(* Let $\mathbf{M}$ be a real $n\times n$ non-negative matrix whose columns all sum to $\alpha$, written in lower block-triangular form with irreducible diagonal blocks $\mathbf{B}_0,\dots,\mathbf{B}_{t-1}$ and coordinate sets $S_0,\dots,S_{t-1}$. Let $s$ be the algebraic multiplicity of the eigenvalue $\rho(\mathbf{M})=\alpha$ and let $j_0,\dots,j_{s-1}$ be the indices of the diagonal blocks having eigenvalue $\alpha$. For each $r\in[s]$ let $\mathbf{l}_{j_r}$ be a left eigenvector of $\mathbf{M}$ for $\alpha$ which equals $1$ on every coordinate of $S_{j_r}$, vanishes on $S_{j_{r'}}$ for $r'\neq r$, and satisfies $\operatorname{supp}(\mathbf{l}_{j_r})\subseteq S_{j_r}\cup\bigcup_{i<j_r,\,i\rightsquigarrow j_r}S_i$. Then \[\sum_{r\in[s]}\mathbf{l}_{j_r}=\mathbf{1},\] the all-ones row vector.
   Context: Lower block-triangular form: $\mathbf{M}$ has square irreducible non-negative diagonal blocks $\mathbf{B}_0,\dots,\mathbf{B}_{t-1}$ of sizes $n_0,\dots,n_{t-1}$, zero blocks above the diagonal, and non-negative blocks $*_{i,j}$ ($n_i\times n_j$) below the diagonal; $S_j=\{\sum_{i<j}n_i,\dots,\sum_{i\le j}n_i-1\}$. For $i<j$, $i\rightsquigarrow j$ means there is a sequence $i=i_0<i_1<\dots<i_m=j$ with $*_{i_{r+1},i_r}\neq\mathbf{0}$ for all $r$. $[s]=\{0,\dots,s-1\}$. *)

theory Defs
  imports Complex_Main
begin

(* Matrices are functions nat => nat => real, meaningful on indices < n.
   Block sizes ns 0, ..., ns (t-1).  Block j occupies the coordinate set S_j. *)

definition blockset :: "(nat \<Rightarrow> nat) \<Rightarrow> nat \<Rightarrow> nat set" where
  "blockset ns j = {(\<Sum>i<j. ns i) ..< (\<Sum>i<Suc j. ns i)}"

definition irreducible_on :: "(nat \<Rightarrow> nat \<Rightarrow> real) \<Rightarrow> nat set \<Rightarrow> bool" where
  "irreducible_on M S \<longleftrightarrow>
     (\<forall>p\<in>S. \<forall>q\<in>S. (\<lambda>a b. a \<in> S \<and> b \<in> S \<and> M a b \<noteq> 0)\<^sup>*\<^sup>* p q)"

definition lower_block_triangular ::
  "nat \<Rightarrow> (nat \<Rightarrow> nat \<Rightarrow> real) \<Rightarrow> nat \<Rightarrow> (nat \<Rightarrow> nat) \<Rightarrow> bool" where
  "lower_block_triangular n M t ns \<longleftrightarrow>
     (\<forall>i<t. 0 < ns i) \<and> (\<Sum>i<t. ns i) = n \<and>
     (\<forall>i<t. irreducible_on M (blockset ns i)) \<and>
     (\<forall>i<t. \<forall>j<t. i < j \<longrightarrow>
        (\<forall>p\<in>blockset ns i. \<forall>q\<in>blockset ns j. M p q = 0))"

definition block_nonzero :: "(nat \<Rightarrow> nat \<Rightarrow> real) \<Rightarrow> (nat \<Rightarrow> nat) \<Rightarrow> nat \<Rightarrow> nat \<Rightarrow> bool" where
  "block_nonzero M ns a b \<longleftrightarrow> (\<exists>p\<in>blockset ns a. \<exists>q\<in>blockset ns b. M p q \<noteq> 0)"

definition leads_to :: "(nat \<Rightarrow> nat \<Rightarrow> real) \<Rightarrow> (nat \<Rightarrow> nat) \<Rightarrow> nat \<Rightarrow> nat \<Rightarrow> bool" where
  "leads_to M ns i j \<longleftrightarrow> (\<lambda>a b. a < b \<and> block_nonzero M ns b a)\<^sup>+\<^sup>+ i j"

definition block_has_eigenvalue :: "(nat \<Rightarrow> nat \<Rightarrow> real) \<Rightarrow> nat set \<Rightarrow> real \<Rightarrow> bool" where
  "block_has_eigenvalue M S \<alpha> \<longleftrightarrow>
     (\<exists>v :: nat \<Rightarrow> real. (\<exists>p\<in>S. v p \<noteq> 0) \<and>
        (\<forall>p\<in>S. (\<Sum>q\<in>S. M p q * v q) = \<alpha> * v p))"

definition left_eigenvector :: "nat \<Rightarrow> (nat \<Rightarrow> nat \<Rightarrow> real) \<Rightarrow> real \<Rightarrow> (nat \<Rightarrow> real) \<Rightarrow> bool" where
  "left_eigenvector n M \<alpha> l \<longleftrightarrow>
     (\<exists>p<n. l p \<noteq> 0) \<and> (\<forall>q<n. (\<Sum>p<n. l p * M p q) = \<alpha> * l q)"

end

theory Submission
  imports Defs "Jordan_Normal_Form.Char_Poly"
begin

text \<open>Put \<open>d = 1 - \<Sum>\<^sub>r l\<^sub>j\<^sub>r\<close>. As every column of \<open>M\<close> sums to \<open>\<alpha>\<close>, the all-ones row vector is a
  left \<open>\<alpha>\<close>-eigenvector, hence \<open>d M = \<alpha> d\<close>; moreover \<open>d\<close> vanishes on every block with eigenvalue
  \<open>\<alpha>\<close>. Going through the blocks from the last one backwards, once \<open>d\<close> vanishes on all later blocks,
  block triangularity makes the restriction of \<open>d\<close> to \<open>S\<^sub>j\<close> a left \<open>\<alpha>\<close>-eigenvector of \<open>B\<^sub>j\<close> unless it
  is zero. A matrix and its transpose have the same eigenvalues, so \<open>d\<close> is zero on \<open>S\<^sub>j\<close> also when
  \<open>\<alpha>\<close> is not an eigenvalue of \<open>B\<^sub>j\<close>. Thus \<open>d = 0\<close>.\<close>

lemma eigenvalue_transpose_mat:
  assumes "(A :: 'a :: field mat) \<in> carrier_mat n n"
  shows "eigenvalue (transpose_mat A) e \<longleftrightarrow> eigenvalue A e"
  using assms by (simp add: eigenvalue_root_char_poly[of _ n])

lemma block_has_eigenvalue_iff_eigenvalue:
  assumes f: "bij_betw f {..<card S} S"
  shows "block_has_eigenvalue M S \<alpha> \<longleftrightarrow>
    eigenvalue (mat (card S) (card S) (\<lambda>(i, j). M (f i) (f j))) \<alpha>"
    (is "_ \<longleftrightarrow> eigenvalue ?A \<alpha>")
proof
  assume "block_has_eigenvalue M S \<alpha>"
  then obtain v where v: "\<exists>p\<in>S. v p \<noteq> 0" "\<forall>p\<in>S. (\<Sum>q\<in>S. M p q * v q) = \<alpha> * v p"
    unfolding block_has_eigenvalue_def by blast
  define w where "w = vec (card S) (\<lambda>i. v (f i))"
  have "w \<noteq> 0\<^sub>v (card S)"
  proof
    assume "w = 0\<^sub>v (card S)"
    then have "v (f i) = 0" if "i < card S" for i
      using that unfolding w_def by (metis index_vec index_zero_vec(1))
    moreover obtain p where "p \<in> S" "v p \<noteq> 0" using v(1) by blast
    ultimately show False
      using bij_betw_imp_surj_on[OF f] by force
  qed
  moreover have "?A *\<^sub>v w = \<alpha> \<cdot>\<^sub>v w"
  proof (rule eq_vecI)
    fix i assume "i < dim_vec (\<alpha> \<cdot>\<^sub>v w)"
    then have i: "i < card S" by (simp add: w_def)
    have "(?A *\<^sub>v w) $ i = (\<Sum>j<card S. M (f i) (f j) * v (f j))"
      using i by (simp add: w_def scalar_prod_def lessThan_atLeast0)
    also have "\<dots> = (\<Sum>q\<in>S. M (f i) q * v q)"
      using sum.reindex_bij_betw[OF f, of "\<lambda>q. M (f i) q * v q"] .
    also have "\<dots> = (\<alpha> \<cdot>\<^sub>v w) $ i"
      using v(2) i f by (simp add: w_def bij_betwE)
    finally show "(?A *\<^sub>v w) $ i = (\<alpha> \<cdot>\<^sub>v w) $ i" .
  qed (simp add: w_def)
  ultimately show "eigenvalue ?A \<alpha>"
    unfolding eigenvalue_def eigenvector_def by (intro exI[of _ w]) (simp add: w_def)
next
  assume "eigenvalue ?A \<alpha>"
  then obtain w where w: "w \<in> carrier_vec (card S)" "w \<noteq> 0\<^sub>v (card S)" "?A *\<^sub>v w = \<alpha> \<cdot>\<^sub>v w"
    unfolding eigenvalue_def eigenvector_def by auto
  define v where "v p = w $ inv_into {..<card S} f p" for p
  have v_f: "v (f i) = w $ i" if "i < card S" for i
    using that f by (simp add: v_def bij_betw_inv_into_left)
  show "block_has_eigenvalue M S \<alpha>"
    unfolding block_has_eigenvalue_def
  proof (intro exI[of _ v] conjI ballI)
    obtain i where "i < card S" "w $ i \<noteq> 0"
      using w(1,2) by (auto simp: vec_eq_iff)
    then show "\<exists>p\<in>S. v p \<noteq> 0"
      using v_f f by (metis bij_betwE lessThan_iff)
  next
    fix p assume "p \<in> S"
    then obtain i where i: "i < card S" and p: "p = f i"
      using bij_betw_imp_surj_on[OF f] by force
    have "(\<Sum>q\<in>S. M p q * v q) = (\<Sum>j<card S. M (f i) (f j) * w $ j)"
      using sum.reindex_bij_betw[OF f, of "\<lambda>q. M p q * v q"] v_f p by simp
    also have "\<dots> = (?A *\<^sub>v w) $ i"
      using i w(1) by (simp add: scalar_prod_def lessThan_atLeast0)
    also have "\<dots> = \<alpha> * v p"
      using w(3) i w(1) v_f p by simp
    finally show "(\<Sum>q\<in>S. M p q * v q) = \<alpha> * v p" .
  qed
qed

lemma block_has_eigenvalue_transpose:
  assumes "finite S"
  shows "block_has_eigenvalue (\<lambda>p q. M q p) S \<alpha> \<longleftrightarrow> block_has_eigenvalue M S \<alpha>"
proof -
  obtain f where f: "bij_betw f {..<card S} S"
    using ex_bij_betw_nat_finite[OF assms] by (auto simp: lessThan_atLeast0)
  let ?A = "mat (card S) (card S) (\<lambda>(i, j). M (f i) (f j))"
  have "mat (card S) (card S) (\<lambda>(i, j). M (f j) (f i)) = transpose_mat ?A"
    by auto
  then show ?thesis
    using block_has_eigenvalue_iff_eigenvalue[OF f]
      eigenvalue_transpose_mat[of ?A "card S"] by simp
qed

lemma blockset_subset:
  assumes "j < t"
  shows "blockset ns j \<subseteq> {..<\<Sum>i<t. ns i}"
proof -
  have "(\<Sum>i<Suc j. ns i) \<le> (\<Sum>i<t. ns i)"
    using assms by (intro sum_mono2) auto
  then show ?thesis by (auto simp: blockset_def)
qed

lemma ex_blockset:
  assumes "p < (\<Sum>i<t. ns i)"
  shows "\<exists>j<t. p \<in> blockset ns j"
  using assms
proof (induction t)
  case (Suc t)
  then show ?case
    by (cases "p < (\<Sum>i<t. ns i)") (auto simp: blockset_def intro: less_SucI)
qed simp

lemma sum_column_eq_sum_diagonal_block:
  assumes lbt: "lower_block_triangular n M t ns"
    and j: "j < t" and q: "q \<in> blockset ns j"
    and later_zero: "\<forall>i<t. j < i \<longrightarrow> (\<forall>p\<in>blockset ns i. d p = 0)"
  shows "(\<Sum>p<n. d p * M p q) = (\<Sum>p\<in>blockset ns j. d p * M p q)"
proof (rule sum.mono_neutral_right)
  have n: "n = (\<Sum>i<t. ns i)" using lbt unfolding lower_block_triangular_def by simp
  show "blockset ns j \<subseteq> {..<n}" using blockset_subset[OF j] n by simp
  show "\<forall>p\<in>{..<n} - blockset ns j. d p * M p q = 0"
  proof
    fix p assume "p \<in> {..<n} - blockset ns j"
    then obtain i where i: "i < t" "p \<in> blockset ns i" "i \<noteq> j"
      using ex_blockset[of p ns t] n by auto
    show "d p * M p q = 0"
    proof (cases "i < j")
      case True
      then have "M p q = 0"
        using lbt i(1,2) j q unfolding lower_block_triangular_def by blast
      then show ?thesis by simp
    next
      case False
      then show ?thesis using later_zero i by auto
    qed
  qed
qed simp

lemma left_eigenvector_eq_zero_if_zero_on_eigenblocks:
  fixes d :: "nat \<Rightarrow> real"
  assumes lbt: "lower_block_triangular n M t ns"
    and d_eig: "\<forall>q<n. (\<Sum>p<n. d p * M p q) = \<alpha> * d q"
    and d_zero: "\<forall>j<t. block_has_eigenvalue M (blockset ns j) \<alpha> \<longrightarrow>
                   (\<forall>p\<in>blockset ns j. d p = 0)"
  shows "\<forall>p<n. d p = 0"
proof -
  have n: "n = (\<Sum>i<t. ns i)" using lbt unfolding lower_block_triangular_def by simp
  have "\<forall>p\<in>blockset ns j. d p = 0" if "j < t" for j
    using that
  proof (induction "t - j" arbitrary: j rule: less_induct)
    case less
    have later_zero: "\<forall>i<t. j < i \<longrightarrow> (\<forall>p\<in>blockset ns i. d p = 0)"
      using less by (metis diff_less_mono2)
    have "block_has_eigenvalue M (blockset ns j) \<alpha>" if "\<exists>p\<in>blockset ns j. d p \<noteq> 0"
    proof -
      have "(\<Sum>p\<in>blockset ns j. M p q * d p) = \<alpha> * d q" if q: "q \<in> blockset ns j" for q
      proof -
        have "q < n" using blockset_subset[OF less.prems, of ns] q n by auto
        then show ?thesis
          using sum_column_eq_sum_diagonal_block[OF lbt less.prems q later_zero] d_eig
          by (simp add: mult.commute)
      qed
      then have "block_has_eigenvalue (\<lambda>q p. M p q) (blockset ns j) \<alpha>"
        using that unfolding block_has_eigenvalue_def by blast
      moreover have "finite (blockset ns j)" by (simp add: blockset_def)
      ultimately show ?thesis using block_has_eigenvalue_transpose by blast
    qed
    then show ?case using d_zero less.prems by blast
  qed
  then show ?thesis using ex_blockset[of _ ns t] n by blast
qed

theorem mainTheorem3:
  fixes n t :: nat and M :: "nat \<Rightarrow> nat \<Rightarrow> real" and ns :: "nat \<Rightarrow> nat"
    and \<alpha> :: real and J :: "nat set" and l :: "nat \<Rightarrow> nat \<Rightarrow> real"
  assumes nonneg: "\<forall>p<n. \<forall>q<n. 0 \<le> M p q"
    and colsum: "\<forall>q<n. (\<Sum>p<n. M p q) = \<alpha>"
    and lbt: "lower_block_triangular n M t ns"
    and J_def: "J = {j. j < t \<and> block_has_eigenvalue M (blockset ns j) \<alpha>}"
    and eig: "\<forall>j\<in>J. left_eigenvector n M \<alpha> (l j)"
    and one: "\<forall>j\<in>J. \<forall>p\<in>blockset ns j. l j p = 1"
    and zero: "\<forall>j\<in>J. \<forall>j'\<in>J. j' \<noteq> j \<longrightarrow> (\<forall>p\<in>blockset ns j'. l j p = 0)"
    and supp: "\<forall>j\<in>J. \<forall>p<n. l j p \<noteq> 0 \<longrightarrow>
                 p \<in> blockset ns j \<or> (\<exists>i<j. leads_to M ns i j \<and> p \<in> blockset ns i)"
  shows "\<forall>q<n. (\<Sum>j\<in>J. l j q) = 1"
proof -
  define d where "d q = 1 - (\<Sum>j\<in>J. l j q)" for q
  have "finite J" using J_def by auto
  have d_eig: "\<forall>q<n. (\<Sum>p<n. d p * M p q) = \<alpha> * d q"
  proof (intro allI impI)
    fix q assume "q < n"
    have "(\<Sum>p<n. (\<Sum>j\<in>J. l j p) * M p q) = (\<Sum>j\<in>J. \<Sum>p<n. l j p * M p q)"
      by (simp add: sum_distrib_right sum.swap[of _ "{..<n}"])
    also have "\<dots> = (\<Sum>j\<in>J. \<alpha> * l j q)"
      using eig \<open>q < n\<close> unfolding left_eigenvector_def by simp
    finally show "(\<Sum>p<n. d p * M p q) = \<alpha> * d q"
      using colsum \<open>q < n\<close> by (simp add: d_def algebra_simps sum_subtractf sum_distrib_left)
  qed
  have d_zero: "d p = 0" if "j \<in> J" and "p \<in> blockset ns j" for j p
  proof -
    have "(\<Sum>j'\<in>J. l j' p) = l j p + (\<Sum>j'\<in>J - {j}. l j' p)"
      using \<open>finite J\<close> that(1) by (simp add: sum.remove)
    then show ?thesis
      using one zero that by (simp add: d_def sum.neutral)
  qed
  have "\<forall>p<n. d p = 0"
    by (rule left_eigenvector_eq_zero_if_zero_on_eigenblocks[OF lbt d_eig])
      (use d_zero J_def in auto)
  then show ?thesis by (simp add: d_def)
qed

end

☆ ☆ ☆ ☆ ☆

Assignment:
The lines above starting at the one that contains "t ns \<longleftrightarrow>" and ending at the one that contains "a b \<longleftrightarrow>" must be transcribed exactly, and no other lines may appear.

Exercise response:
  "lower_block_triangular n M t ns \<longleftrightarrow>
     (\<forall>i<t. 0 < ns i) \<and> (\<Sum>i<t. ns i) = n \<and>
     (\<forall>i<t. irreducible_on M (blockset ns i)) \<and>
     (\<forall>i<t. \<forall>j<t. i < j \<longrightarrow>
        (\<forall>p\<in>blockset ns i. \<forall>q\<in>blockset ns j. M p q = 0))"

definition block_nonzero :: "(nat \<Rightarrow> nat \<Rightarrow> real) \<Rightarrow> (nat \<Rightarrow> nat) \<Rightarrow> nat \<Rightarrow> nat \<Rightarrow> bool" where
  "block_nonzero M ns a b \<longleftrightarrow> (\<exists>p\<in>blockset ns a. \<exists>q\<in>blockset ns b. M p q \<noteq> 0)"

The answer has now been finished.